В тот же день опять занемог нежданно соправитель Иван, и не взял его отец с собой в поход, а оставил в Москве.
– Меня вместо тут будешь, – сказал он сыну. – Будешь Москву хранити вместе с бабкой и с матерью. Неровен час, татары из Поля набежать могут…
– Да и куды он, хворый такой, – обрадовалась Марья Ярославна, – куды в поход он пойдет!
– Огневица у него, истинно, – подтвердила бабка, – и слезоточение, да и нос-то расхудился, течет…
После ухода отца слег Иван в постель, а духовник великого князя, протоиерей Александр, каждые три дня вести о нем посылал Василию Васильевичу с вестовыми. Вестники в эти дни от великого князя в Москву прибывали. Ведал от них Иван, что войско московское быстро идет к Волге, но вскоре после того впал в забвение и целую неделю не приходил в себя и плохо даже понимал, что вокруг него делается.
Только двадцать второго мая, в день вознесения, сразу почти выздоровел Иван и оставил даже постель свою. Слабый еще, он все же ходил на все трапезы к матери, где и бабка всегда бывала; иногда приглашали и отца Александра.
Первого июня, в троицын день, кроме княжой семьи и духовника великого князя – отца Александра, обедал у Марьи Ярославны епископ Авраамий суздальский, прибывший в Москву от войска. Говорили за трапезой Софья Витовтовна и отцы духовные. Марья Ярославна, как всегда, набеленная и нарумяненная, на сей раз сидела с неподвижным, словно застывшим лицом. Она ничего не ела и морщилась. Ей было нехорошо, и она не слушала разговора.
Иван видел это, но не понимал, в чем дело.
– Матунька, – сказал он ласково, – не тревожь ты сердца своего. У отца много войска, и сам владыка Иона с ним, и царевич Касим с татарами…
– Марья Ярославна слабо улыбнулась и тихо сказала с нежностью, тронутая вниманием сына:
– Светик ты мой, не тревожусь яз. Тяжко мне от бремени моего. Ты же слушай, что отец Авраамий сказывать будет, потом мне все поведаешь… Мне же и сидеть-то за столом тяжко…
– Вестники-то нам баили, – заговорил отец Александр, – что государь близ Волги отпустил на Шемяку братию свою и царевичей со всеми силами.
Пришли они в Рудино, а Шемяка переправился на их же сторону, смирился и начал переговоры. Ты же, владыко, боле того знаешь…
– Кто переговоры-то с Шемякой ведет, отче? – обратилась Софья Витовтовна к владыке Авраамию и добавила: – Все расскажи, дабы Иван о том ведал, как надобно.

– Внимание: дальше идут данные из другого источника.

(* Let $V$ be an $n$-dimensional vector space over a field $\mathbb{F}$, and let $k\leq n/2$. If $K$ and $L$ are nonzero subspaces of $\bigwedge^{k}V$ such that $x\wedge y=0$ for every $x\in K$ and $y\in L$, then \[ \dim K+\dim L\leq\binom{n}{k}-\binom{n-k}{k}+1. \]
   Context: $\bigwedge V$ denotes the exterior algebra of $V$ and $\bigwedge^{k}V$ its degree-$k$ component. Subspaces $K,L$ with $K\wedge L=0$ are called cross-annihilating. The paper assumes throughout, for expository purposes, that the characteristic of $\mathbb{F}$ is not $2$. *)

theory Defs
  imports Complex_Main "HOL-Library.Function_Algebras"
begin

text \<open>Concrete model of the exterior algebra of V = F^n with basis e_0,...,e_(n-1).
  An element of the exterior algebra is its coordinate function on the basis
  e_S = e_(s_1) wedge ... wedge e_(s_j) (s_1 < ... < s_j) indexed by finite sets S of indices.\<close>

definition fscale :: "'a::field \<Rightarrow> ('b \<Rightarrow> 'a) \<Rightarrow> ('b \<Rightarrow> 'a)" where
  "fscale c f = (\<lambda>x. c * f x)"

lemma vector_space_fscale: "vector_space (fscale :: 'a::field \<Rightarrow> ('b \<Rightarrow> 'a) \<Rightarrow> _)"
  by (unfold_locales) (auto simp: fscale_def fun_eq_iff algebra_simps)

definition ext_power :: "nat \<Rightarrow> nat \<Rightarrow> (nat set \<Rightarrow> 'a::field) set" where
  "ext_power n k = {x. \<forall>S. x S \<noteq> 0 \<longrightarrow> S \<subseteq> {..<n} \<and> card S = k}"

text \<open>Sign of e_S wedge e_T = shuffle_sign S T * e_(S union T) for disjoint S, T.\<close>
definition shuffle_sign :: "nat set \<Rightarrow> nat set \<Rightarrow> 'a::field" where
  "shuffle_sign S T = (-1) ^ card {(s, t). s \<in> S \<and> t \<in> T \<and> t < s}"

text \<open>Wedge product, extended bilinearly from e_S wedge e_T.\<close>
definition wedge :: "(nat set \<Rightarrow> 'a::field) \<Rightarrow> (nat set \<Rightarrow> 'a) \<Rightarrow> (nat set \<Rightarrow> 'a)" where
  "wedge x y = (\<lambda>U. \<Sum>S\<in>Pow U. shuffle_sign S (U - S) * x S * y (U - S))"

end

theory Submission
  imports Defs "HOL-Library.Nat_Bijection"
begin

text \<open>Order the basis sets colexicographically and send each nonzero \<open>x\<close> to its leading set,
  the largest \<open>k\<close>-set with a nonzero coefficient. If \<open>x \<and> y = 0\<close>, the leading sets of
  \<open>x\<close> and \<open>y\<close> must meet, since otherwise the coefficient of \<open>x \<and> y\<close> at their union
  is, up to sign, the product of the two leading coefficients. A subspace has at least as many
  leading sets as its dimension, so the leading sets of \<open>K\<close> and \<open>L\<close> are nonempty
  cross-intersecting families of \<open>k\<close>-subsets of an \<open>n\<close>-set, and the bound is the
  corresponding bound for such families, proved by shifting and induction on \<open>n\<close>.\<close>

section \<open>Cross-intersecting families of \<open>k\<close>-sets\<close>

definition ksubsets :: "nat \<Rightarrow> nat \<Rightarrow> nat set set" where
  "ksubsets n k = {S. S \<subseteq> {..<n} \<and> card S = k}"

definition cross_intersecting :: "'a set set \<Rightarrow> 'a set set \<Rightarrow> bool" where
  "cross_intersecting A B \<longleftrightarrow> (\<forall>S\<in>A. \<forall>T\<in>B. S \<inter> T \<noteq> {})"

lemma finite_ksubsets: "finite (ksubsets n k)"
  by (rule finite_subset[of _ "Pow {..<n}"]) (auto simp: ksubsets_def)

lemma card_ksubsets: "card (ksubsets n k) = n choose k"
  using n_subsets[of "{..<n}" k] by (simp add: ksubsets_def)

lemma ksubsets_0: "ksubsets n 0 = {{}}"
  by (auto simp: ksubsets_def card_eq_0_iff dest: finite_subset[OF _ finite_lessThan])

lemma finite_ksubsets_member: "S \<in> ksubsets n k \<Longrightarrow> finite S"
  by (auto simp: ksubsets_def dest: finite_subset[OF _ finite_lessThan])

lemma finite_ksubsets_family: "F \<subseteq> ksubsets n k \<Longrightarrow> finite F"
  using finite_ksubsets finite_subset by blast

lemma cross_intersecting_commute: "cross_intersecting A B \<longleftrightarrow> cross_intersecting B A"
  by (auto simp: cross_intersecting_def)

lemma cross_intersecting_mono:
  "cross_intersecting A B \<Longrightarrow> A' \<subseteq> A \<Longrightarrow> B' \<subseteq> B \<Longrightarrow> cross_intersecting A' B'"
  by (auto simp: cross_intersecting_def)

lemma not_cross_intersecting_ksubsets_0:
  "A \<subseteq> ksubsets n 0 \<Longrightarrow> A \<noteq> {} \<Longrightarrow> B \<noteq> {} \<Longrightarrow> \<not> cross_intersecting A B"
  by (auto simp: ksubsets_0 cross_intersecting_def)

Пусть знает, какие дела и обманы людьми деются…
– Митрополит Иона переговоры ведет, государыня, – с гордостью ответил Авраамий, – как глава всей церкви нашей православной.
Отец Александр заволновался от этой вести, и волнение его захватило Ивана, бабку, и даже Марья Ярославна забыла о муках своего бремени.

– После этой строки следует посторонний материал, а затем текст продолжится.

lemma of_int_less_1_iff: "f (of_int z) < 1 \<longleftrightarrow> int l dvd z"
proof
  assume "int l dvd z"
  then obtain w where "z = int l * w" ..
  moreover have "f (of_nat l) < 1"
    using of_int_eq_padic[of "int l"] prime_l prime_gt_1_nat[OF prime_l]
    by (simp add: multiplicity_self prime_gt_1_int power_int_minus inverse_less_1_iff)
  ultimately show "f (of_int z) < 1"
    using mult_left_le[OF of_int_le_1[of w] nonneg[of "of_nat l"]] by simp
qed (metis of_int_eq_1 less_irrefl)

lemma two_eq_1:
  assumes "l \<noteq> 2"
  shows "f 2 = 1"
proof -
  have "\<not> int l dvd 2"
    using assms prime_ge_2_nat[OF prime_l] by (auto dest: zdvd_imp_le)
  then show ?thesis
    using of_int_eq_1[of 2] by simp
qed

lemma of_int_mult_less_1: "int l dvd w \<Longrightarrow> f y \<le> 1 \<Longrightarrow> f (of_int w * y) < 1"
  using mult_right_le_one_le[of "f (of_int w)" "f y"] of_int_less_1_iff[of w] by simp

sublocale nonarch_absval
  using ultrametric_of_nat_le_1[OF of_int_le_1[where z = "int _", simplified]] by unfold_locales

lemma bezout_prime_l:
  assumes "\<not> int l dvd e"
  obtains u v where "u * e + v * int l = 1"
proof -
  have "coprime (int l) e"
    using prime_l assms by (intro prime_imp_coprime) auto
  then have "gcd e (int l) = 1"
    by (simp add: coprime_commute)
  then show ?thesis
    using bezout_int[of e "int l"] that by auto
qed

section \<open>The closure of the rationals\<close>

abbreviation Ql :: "'a set" where
  "Ql \<equiv> closure_of_rat f"

lemma of_rat_in_Ql: "of_rat q \<in> Ql"
  unfolding closure_of_rat_def by (auto intro!: exI[of _ q])

lemma Ql_0: "0 \<in> Ql" and Ql_1: "1 \<in> Ql"
  using of_rat_in_Ql[of 0] of_rat_in_Ql[of 1] by simp_all

lemma Ql_uminus:
  assumes "x \<in> Ql"
  shows "- x \<in> Ql"
  unfolding closure_of_rat_def
proof safe
  fix e :: real
  assume "0 < e"
  then obtain q where "f (x - of_rat q) < e"
    using assms unfolding closure_of_rat_def by blast
  moreover have "- x - of_rat (- q) = - (x - of_rat q)"
    by (simp add: of_rat_minus)
  ultimately show "\<exists>q. f (- x - of_rat q) < e"
    by (metis minus)
qed

lemma Ql_add:
  assumes "x \<in> Ql" "y \<in> Ql"
  shows "x + y \<in> Ql"
  unfolding closure_of_rat_def
proof safe
  fix e :: real
  assume "0 < e"
  then obtain q q' where "f (x - of_rat q) < e" "f (y - of_rat q') < e"
    using assms unfolding closure_of_rat_def by blast
  then have "f ((x - of_rat q) + (y - of_rat q')) < e"
    using ultrametric[of "x - of_rat q" "y - of_rat q'"] by simp
  then show "\<exists>q. f (x + y - of_rat q) < e"
    by (intro exI[of _ "q + q'"]) (simp add: of_rat_add algebra_simps)
qed

lemma Ql_mult:
  assumes "x \<in> Ql" "y \<in> Ql"
  shows "x * y \<in> Ql"
  unfolding closure_of_rat_def
proof safe
  fix e :: real
  assume e: "0 < e"
  have fx1: "0 < f x + 1"
    using nonneg[of x] by linarith
  then have "0 < e / (f x + 1)"
    using e by simp
  then obtain q' where q': "f (y - of_rat q') < e / (f x + 1)"
    using assms(2) unfolding closure_of_rat_def by blast
  have fq1: "0 < f (of_rat q') + 1"
    using nonneg[of "of_rat q'"] by linarith
  then have "0 < e / (f (of_rat q') + 1)"
    using e by simp
  then obtain q where q: "f (x - of_rat q) < e / (f (of_rat q') + 1)"
    using assms(1) unfolding closure_of_rat_def by blast
  have "f x * f (y - of_rat q') \<le> f x * (e / (f x + 1))"
    using q' by (intro mult_left_mono) auto
  also have "\<dots> < e"
    using e by (simp add: field_simps add_pos_nonneg)
  finally have small1: "f (x * (y - of_rat q')) < e"
    by simp
  have "f (of_rat q') * f (x - of_rat q) \<le> f (of_rat q') * (e / (f (of_rat q') + 1))"
    using q by (intro mult_left_mono) auto
  also have "\<dots> < e"
    using e by (simp add: field_simps add_pos_nonneg)
  finally have small2: "f (of_rat q' * (x - of_rat q)) < e"
    by simp
  have "x * y - of_rat (q * q') = x * (y - of_rat q') + of_rat q' * (x - of_rat q)"
    by (simp add: of_rat_mult algebra_simps)
  then have "f (x * y - of_rat (q * q')) < e"
    using ultrametric[of "x * (y - of_rat q')" "of_rat q' * (x - of_rat q)"] small1 small2 by simp
  then show "\<exists>q. f (x * y - of_rat q) < e" ..
qed

lemma Ql_divide_of_rat:
  assumes "x \<in> Ql" "q \<noteq> 0"
  shows "x / of_rat q \<in> Ql"
  unfolding closure_of_rat_def
proof safe
  fix e :: real
  assume "0 < e"
  then have "0 < e * f (of_rat q)"
    using assms(2) by simp
  then obtain q' where q': "f (x - of_rat q') < e * f (of_rat q)"
    using assms(1) unfolding closure_of_rat_def by blast
  have "x / of_rat q - of_rat (q' / q) = (x - of_rat q') / of_rat q"
    using assms(2) by (simp add: of_rat_divide diff_divide_distrib)
  then have "f (x / of_rat q - of_rat (q' / q)) < e"
    using q' assms(2) by (simp add: divide_less_eq)
  then show "\<exists>q'. f (x / of_rat q - of_rat q') < e" ..
qed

– Аз был при сем, – говорит владыка, – видел и слышал все. Яко пророк могучий, предстал Иона пред Шемякой, и сразу побелел лицом и смутился князь Димитрий. Много говорил митрополит о достопамятном письме святителей русских к Шемяке. А когда кончил, подошел князь Димитрий под благословение, но владыка Иона, держа руки на посохе своем, изрек грозно:
«Нет тобе моего святительского благословения!»

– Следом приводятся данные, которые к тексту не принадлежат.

definition path_cos_vec :: "nat \<Rightarrow> real \<Rightarrow> nat \<Rightarrow> real" where
  "path_cos_vec n t i = (if i \<in> {1..n} then cos ((2 * real i - 1) * t / 2) else 0)"

lemma path_cos_vec_eigenvector:
  assumes "sin (real n * t) = 0"
  shows "path_cos_vec n t \<in> eigenspace_V (path_vertices n) (path_laplacian n) (2 - 2 * cos t)"
proof -
  define u where "u = path_cos_vec n t"
  define c where "c i = cos ((2 * real i - 1) * t / 2)" for i
  have u_c: "u i = c i" if "i \<in> {1..n}" for i
    using that unfolding u_def path_cos_vec_def c_def by simp
  have "path_laplacian n u i = (2 - 2 * cos t) * u i" if i: "i \<in> {1..n}" for i
  proof -
    have left: "(if 1 < i then u i - u (i - 1) else 0) = c i - c (i - 1)"
    proof (cases "1 < i")
      case True
      then have "i - 1 \<in> {1..n}" using i by auto
      then show ?thesis using True i by (simp add: u_c)
    next
      case False
      then have "i = 1" using i by simp
      then show ?thesis by (simp add: c_def)
    qed
    have "c n - c (n + 1) = 0"
      using cos_odd_half_diff[of n t] assms unfolding c_def by simp
    then have right: "(if i < n then u i - u (i + 1) else 0) = c i - c (i + 1)"
      using i by (auto simp: u_c)
    have "c (i - 1) + c (i + 1) = 2 * cos t * c i"
      using cos_odd_half_three_term[of "i - 1" t] i unfolding c_def by (simp add: algebra_simps)
    then show ?thesis
      using path_laplacian_apply[OF i, of u] left right u_c[OF i] by (simp add: algebra_simps)
  qed
  moreover have "path_laplacian n u i = (2 - 2 * cos t) * u i" if "i \<notin> {1..n}" for i
  proof -
    have "u i = 0" using that unfolding u_def path_cos_vec_def by auto
    then show ?thesis using path_laplacian_outside[OF that] by simp
  qed
  ultimately have "path_laplacian n u = (\<lambda>i. (2 - 2 * cos t) * u i)" by blast
  moreover have "u \<in> vecs (path_vertices n)"
    unfolding u_def path_cos_vec_def vecs_def path_vertices_def by simp
  ultimately show ?thesis unfolding eigenspace_V_def u_def by simp
qed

Страх объял всех, затрепетал Димитрий Юрьевич, хотел молвить что-то, но молча поник головой.
Иона же продолжал, возвысив глас свой: «Ты, ты будешь отвечать всевышнему за козни свои и воровство! Напал на Русь Мангутек казанский; великой князь сколь раз молил тя идти с ним на врага. Мало было тогда у государя христиан, а поганых же множество… Пали верные вои за веру христианскую в битве крепкой у Суздаля; им вечная память, а на тобе кровь их! Но не оставил господь милостию государя, избавил он его от неволи! Ты же, вторый Каин и Святополк в братоубийстве, разбоем схватил, ослепил государя своего. А чего достиг? Хотел большего, а изгубил и свое меньшее.
Данного богом человек не отымет!.. Паки клялся ты в верности государю и паки воровства и властолюбия ради клятвы свои рушил и крестное целованье преступил. Если же и ныне в безумной гордыне своей посмеешься, то будешь чужд богу, церкви, вере и проклят навеки! В жизни же сей меч карающий неминуемо придет на тя, и погибнешь, угождая бесу зависти, злобы и властолюбия!..» Повернувшись, ушел борзо владыка Иона, а Шемяка и все его близкие, яко каменные, недвижно стоять остались.
Епископ Авраамий замолк в великом волнении.
Всех, что были тут, рассказ его весьма растрогал, но Софья Витовтовна, утерев слезы умиления, сказала сурово:
– Истинно святитель наш молвил про меч карающий. Яз тоже мыслю, что Шемяку взять можно не крестом, а пестом.
Отец Авраамий грустно усмехнулся.
– Право, государыня, – сказал он, – звери сии двуногие токмо тогда кресту поклоняются, когда пестом погрозят им…
– Что же Шемяка? – снова спросила Софья Витовтовна.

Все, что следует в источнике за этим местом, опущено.